▶ **Activity**: From the material below, copy every line in which the word "clearing" occurs.

▶ **Supplied records**:

____

(* Fix integers $s_l,s_h\ge1$ and let $N=s_ls_h$. For parameters $p_h\ge p_l\ge0$, let the three-layer hierarchical random graph $\mathcal{G}$ have co-occurrence (adjacency) matrix $P\in\mathbb{R}^{N\times N}$ obtained by partitioning the $N$ vertices into $s_l$ groups of $s_h$ consecutive vertices and setting $P_{ij}=p_h$ if $i,j$ lie in the same group and $P_{ij}=p_l$ otherwise, with the entries normalized to sum to one. Let $\mathcal{G}'$ be another such graph with the same $s_l,s_h$ and parameters $p_h'\ge p_l'\ge0$ (entries also summing to one). If $p_h-p_l\le p_h'-p_l'$, then for every $t$, $\sigma_t\le\sigma_t'$, where $\sigma_t,\sigma_t'$ denote the $t$-th largest singular values of the co-occurrence matrices of $\mathcal{G}$ and $\mathcal{G}'$, respectively.
   Context: In a hierarchical random graph, the leaves of a hierarchical tree are the graph's vertices and the probability of an edge between two vertices is the probability attached to their lowest common ancestor; here the tree has two hidden layers, with $p_l$ the (high-level) connection probability across groups and $p_h$ the (lower-level) connection probability within a group. *)

theory Defs
  imports "Jordan_Normal_Form.Char_Poly"
begin

text \<open>Since A^T A is symmetric positive semidefinite, its characteristic polynomial
splits over the reals with nonnegative roots.\<close>
definition singular_values :: "real mat \<Rightarrow> real list" where
  "singular_values A =
     map sqrt (rev (sorted_list_of_multiset
       (proots (char_poly (transpose_mat A * A)))))"

definition sigma :: "real mat \<Rightarrow> nat \<Rightarrow> real" where
  "sigma A t = singular_values A ! (t - 1)"

definition hrg_matrix :: "nat \<Rightarrow> nat \<Rightarrow> real \<Rightarrow> real \<Rightarrow> real mat" where
  "hrg_matrix s_l s_h p_h p_l =
     mat (s_l * s_h) (s_l * s_h)
       (\<lambda>(i, j). if i div s_h = j div s_h then p_h else p_l)"

definition entry_sum :: "real mat \<Rightarrow> real" where
  "entry_sum A = (\<Sum>i<dim_row A. \<Sum>j<dim_col A. A $$ (i, j))"

end

theory Submission
  imports Defs
begin

text \<open>The co-occurrence matrix is the Kronecker product \<open>C \<otimes> J\<^sub>h\<close> of
\<open>C = p\<^sub>l J + (p\<^sub>h - p\<^sub>l) I\<close> (size \<open>s\<^sub>l\<close>) with the all-ones matrix \<open>J\<^sub>h\<close> (size \<open>s\<^sub>h\<close>).
Factoring it as \<open>F K\<close> with \<open>F\<close> the group-membership matrix and using Sylvester's identity
\<open>\<chi>(F K) = X\<^bsup>n-m\<^esup> \<chi>(K F)\<close>, the characteristic polynomial of its Gram matrix is
\<open>X\<^bsup>N-s\<^sub>l\<^esup> (X - \<beta>\<^sup>2)\<^bsup>s\<^sub>l-1\<^esup> (X - \<gamma>\<^sup>2)\<close> with \<open>\<beta> = s\<^sub>h (p\<^sub>h - p\<^sub>l)\<close> and
\<open>\<gamma> = p\<^sub>l N + \<beta>\<close>. So the singular values are \<open>\<gamma>\<close> once, \<open>\<beta>\<close> with multiplicity
\<open>s\<^sub>l - 1\<close>, and zero. The entries sum to \<open>N \<gamma>\<close>, so normalisation forces \<open>\<gamma> = 1/N\<close>
for both graphs, while \<open>\<beta>\<close> is monotone in \<open>p\<^sub>h - p\<^sub>l\<close>.\<close>

lemma map_mat_uminus_const_mult:
  fixes F :: "'a :: comm_ring_1 mat"
  assumes "F \<in> carrier_mat n m" and "K \<in> carrier_mat m k"
  shows "map_mat (\<lambda>a. [:-a:]) F * map_mat (\<lambda>a. [:a:]) K = map_mat (\<lambda>a. [:-a:]) (F * K)"
proof -
  have "(\<lambda>a. [:a:] * [:-1:]) = (\<lambda>a::'a. [:-a:])" by (auto simp: fun_eq_iff)
  then show ?thesis using map_poly_mult(2)[OF assms, of "[:-1:]"] by simp
qed

text \<open>The block matrix \<open>[[X I, F], [K, I]]\<close>: clearing its upper right block gives
\<open>\<chi>(F K)\<close>, clearing its lower left block gives \<open>\<chi>(K F)\<close> up to powers of \<open>X\<close>.\<close>

definition sylvester_block :: "'a :: comm_ring_1 mat \<Rightarrow> 'a mat \<Rightarrow> 'a poly mat" where
  "sylvester_block F K = four_block_mat ([:0,1:] \<cdot>\<^sub>m 1\<^sub>m (dim_row F))
     (map_mat (\<lambda>a. [:a:]) F) (map_mat (\<lambda>a. [:a:]) K) (1\<^sub>m (dim_col F))"

lemma det_sylvester_block:
  fixes F :: "'a :: idom mat"
  assumes F: "F \<in> carrier_mat n m" and K: "K \<in> carrier_mat m n"
  shows "det (sylvester_block F K) = char_poly (F * K)"
proof -
  let ?F = "map_mat (\<lambda>a. [:a:]) F" and ?K = "map_mat (\<lambda>a. [:a:]) K"
  let ?G = "map_mat (\<lambda>a. [:-a:]) F"
  define L where "L = four_block_mat (1\<^sub>m n) ?G (0\<^sub>m m n) (1\<^sub>m m)"
  have "L * sylvester_block F K = four_block_mat (1\<^sub>m n * ([:0,1:] \<cdot>\<^sub>m 1\<^sub>m n) + ?G * ?K)
      (1\<^sub>m n * ?F + ?G * 1\<^sub>m m) (0\<^sub>m m n * ([:0,1:] \<cdot>\<^sub>m 1\<^sub>m n) + 1\<^sub>m m * ?K) (0\<^sub>m m n * ?F + 1\<^sub>m m * 1\<^sub>m m)"
    unfolding L_def sylvester_block_def using F K by (subst mult_four_block_mat) auto
  also have "\<dots> = four_block_mat (char_poly_matrix (F * K)) (0\<^sub>m n m) ?K (1\<^sub>m m)"
    using F K by (intro cong_four_block_mat eq_matI)
      (auto simp: map_mat_uminus_const_mult char_poly_matrix_def)
  finally have "det L * det (sylvester_block F K)
      = det (four_block_mat (char_poly_matrix (F * K)) (0\<^sub>m n m) ?K (1\<^sub>m m))"
    using F K by (subst det_mult[symmetric]) (auto simp: L_def sylvester_block_def)
  also have "\<dots> = char_poly (F * K)"
    unfolding char_poly_def using F K by (subst det_four_block_mat_upper_right_zero[of _ n _ m]) auto
  finally have "det L * det (sylvester_block F K) = char_poly (F * K)" .
  moreover have "det L = 1"
    unfolding L_def using F by (subst det_four_block_mat_lower_left_zero[of _ n _ m]) auto
  ultimately show ?thesis by simp
qed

____

▶ **Task response**:
text \<open>The block matrix \<open>[[X I, F], [K, I]]\<close>: clearing its upper right block gives
\<open>\<chi>(F K)\<close>, clearing its lower left block gives \<open>\<chi>(K F)\<close> up to powers of \<open>X\<close>.\<close>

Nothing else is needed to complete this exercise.